Introductory Natural language processing was being read smoothly, and I was caught in Chapter 6, Exercise 5. When I tried to classify documents using the maximum entropy classification, it spewed out errors and did not move.
# -*- coding: utf-8 -*-
#from __future__ import division
import nltk,re
import random
import numpy
#Categorize movie reviews as positive or negative
#data
from nltk.corpus import movie_reviews
documents = [(list(movie_reviews.words(fileid)),category)

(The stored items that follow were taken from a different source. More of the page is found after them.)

lemma level_set_product_moments_vanish:
  fixes \<gamma> b0 :: "'x \<Rightarrow> real" and q :: "'x \<Rightarrow> nat \<Rightarrow> real"
  assumes "finite S" "\<forall>x\<in>S. 0 < b0 x" "E \<subseteq> {1..c}"
    and "\<forall>n\<in>Wset c. (\<Sum>x\<in>S. \<gamma> x * (b0 x ^ n 0 * (\<Prod>i=1..c. q x i ^ n i))) = 0"
  shows "(\<Sum>x\<in>{x\<in>S. b0 x = v}. \<gamma> x * (\<Prod>i\<in>E. q x i)) = 0"
proof (rule power_sums_vanish_imp_fiber_sums_vanish[OF assms(1,2)], intro allI)
  fix k
  define n :: "nat \<Rightarrow> nat" where "n j = (if j = 0 then k else if j \<in> E then 1 else 0)" for j
  have "n \<in> Wset c" using assms(3) by (auto simp: Wset_def n_def)
  then have relation: "(\<Sum>x\<in>S. \<gamma> x * (b0 x ^ n 0 * (\<Prod>i=1..c. q x i ^ n i))) = 0"
    using assms(4) by blast
  have product: "(\<Prod>i=1..c. q x i ^ n i) = (\<Prod>i\<in>E. q x i)" for x
  proof -
    have "(\<Prod>i=1..c. q x i ^ n i) = (\<Prod>i\<in>{1..c}. if i \<in> E then q x i else 1)"
      by (rule prod.cong) (auto simp: n_def)
    also have "\<dots> = (\<Prod>i\<in>{i\<in>{1..c}. i \<in> E}. q x i)"
      by (rule prod.inter_filter[symmetric]) simp
    also have "{i\<in>{1..c}. i \<in> E} = E" using assms(3) by auto
    finally show ?thesis .
  qed
  from relation have "(\<Sum>x\<in>S. \<gamma> x * (b0 x ^ k * (\<Prod>i\<in>E. q x i))) = 0"
    by (simp only: product) (simp add: n_def)
  then show "(\<Sum>x\<in>S. \<gamma> x * (\<Prod>i\<in>E. q x i) * b0 x ^ k) = 0"
    by (simp add: mult_ac)
qed

theorem lemma4:
  fixes c :: nat
    and ra rb rc rd :: "nat \<Rightarrow> nat \<Rightarrow> real"
    and beta0 :: "(nat \<Rightarrow> real) \<Rightarrow> real"
  assumes "1 \<le> c"
    and "irreducible_model c ra rb rc rd"
    and "assumption_A c ra rb rc rd"
    and "ergodic_E c ra rb rc rd"
    and "\<forall>x\<in>signs c. 0 < beta0 x \<and> beta0 x < 1 \<and> eq_Ex c ra rb rc rd x (beta0 x)"
  shows "\<forall>\<gamma> :: (nat \<Rightarrow> real) \<Rightarrow> real.
           (\<forall>n\<in>Wset c. (\<Sum>x\<in>signs c. \<gamma> x * (beta0 x ^ n 0 *
               (\<Prod>i=1..c. beta_i (ra i) (rb i) (rc i) (rd i) (x i) (beta0 x) ^ n i))) = 0)
           \<longrightarrow> (\<forall>x\<in>signs c. \<gamma> x = 0)"
proof (intro allI impI ballI)
  fix \<gamma> :: "(nat \<Rightarrow> real) \<Rightarrow> real" and x0
  assume dependence: "\<forall>n\<in>Wset c. (\<Sum>x\<in>signs c. \<gamma> x * (beta0 x ^ n 0 *
               (\<Prod>i=1..c. beta_i (ra i) (rb i) (rc i) (rd i) (x i) (beta0 x) ^ n i))) = 0"
    and x0: "x0 \<in> signs c"
  define v where "v = beta0 x0"
  define S where "S = {x \<in> signs c. beta0 x = v}"
  define p where "p i s = beta_i (ra i) (rb i) (rc i) (rd i) s v" for i s
  have moments: "\<forall>E\<subseteq>{1..c}. (\<Sum>x\<in>S. \<gamma> x * (\<Prod>i\<in>E. p i (x i))) = 0"
  proof (intro allI impI)
    fix E assume "E \<subseteq> {1..c}"
    then have "(\<Sum>x\<in>S. \<gamma> x * (\<Prod>i\<in>E. beta_i (ra i) (rb i) (rc i) (rd i) (x i) (beta0 x))) = 0"
      unfolding S_def using assms(5)
      by (intro level_set_product_moments_vanish[OF finite_signs _ _ dependence]) auto
    also have "(\<Sum>x\<in>S. \<gamma> x * (\<Prod>i\<in>E. beta_i (ra i) (rb i) (rc i) (rd i) (x i) (beta0 x)))
        = (\<Sum>x\<in>S. \<gamma> x * (\<Prod>i\<in>E. p i (x i)))"
      by (rule sum.cong) (simp_all add: S_def p_def)
    finally show "(\<Sum>x\<in>S. \<gamma> x * (\<Prod>i\<in>E. p i (x i))) = 0" .
  qed
  have S: "finite S" "x0 \<in> S" using finite_signs x0 by (auto simp: S_def v_def)
  have distinct: "\<forall>i\<in>{1..c}. p i (x0 i) \<noteq> p i (- x0 i)"
    using assms(5) x0 assumption_A_beta_i_sign_flip[OF assms(3)]
    by (auto simp: p_def v_def signs_def)
  have two_valued: "\<forall>x\<in>S. \<forall>i\<in>{1..c}. x i = x0 i \<or> x i = - x0 i"
    using x0 signs_two_valued by (auto simp: S_def)
  have determined: "\<forall>x\<in>S. (\<forall>i\<in>{1..c}. x i = x0 i) \<longrightarrow> x = x0"
    using x0 signs_eqI by (auto simp: S_def)
  show "\<gamma> x0 = 0"
    by (rule two_valued_product_moments_vanish_imp_zero[OF S(1) finite_atLeastAtMost S(2) distinct
          two_valued determined moments])
qed

end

for category in movie_reviews.categories()
for fileid in movie_reviews.fileids(category)]
random.shuffle(documents)
#Feature extractor
all_words = nltk.FreqDist(w.lower() for w in movie_reviews.words())
word_features = all_words.keys()[:2000]#Frequent Words 2000
def document_features(document):
document_words = set(document)
features = {}
for w in word_features:
features['contains(%s)' % w] = (w in document) #Whether top2000 characters are in doc
return features
#Classifier training and testing
featuresets = [(document_features(d),c) for (d,c) in documents]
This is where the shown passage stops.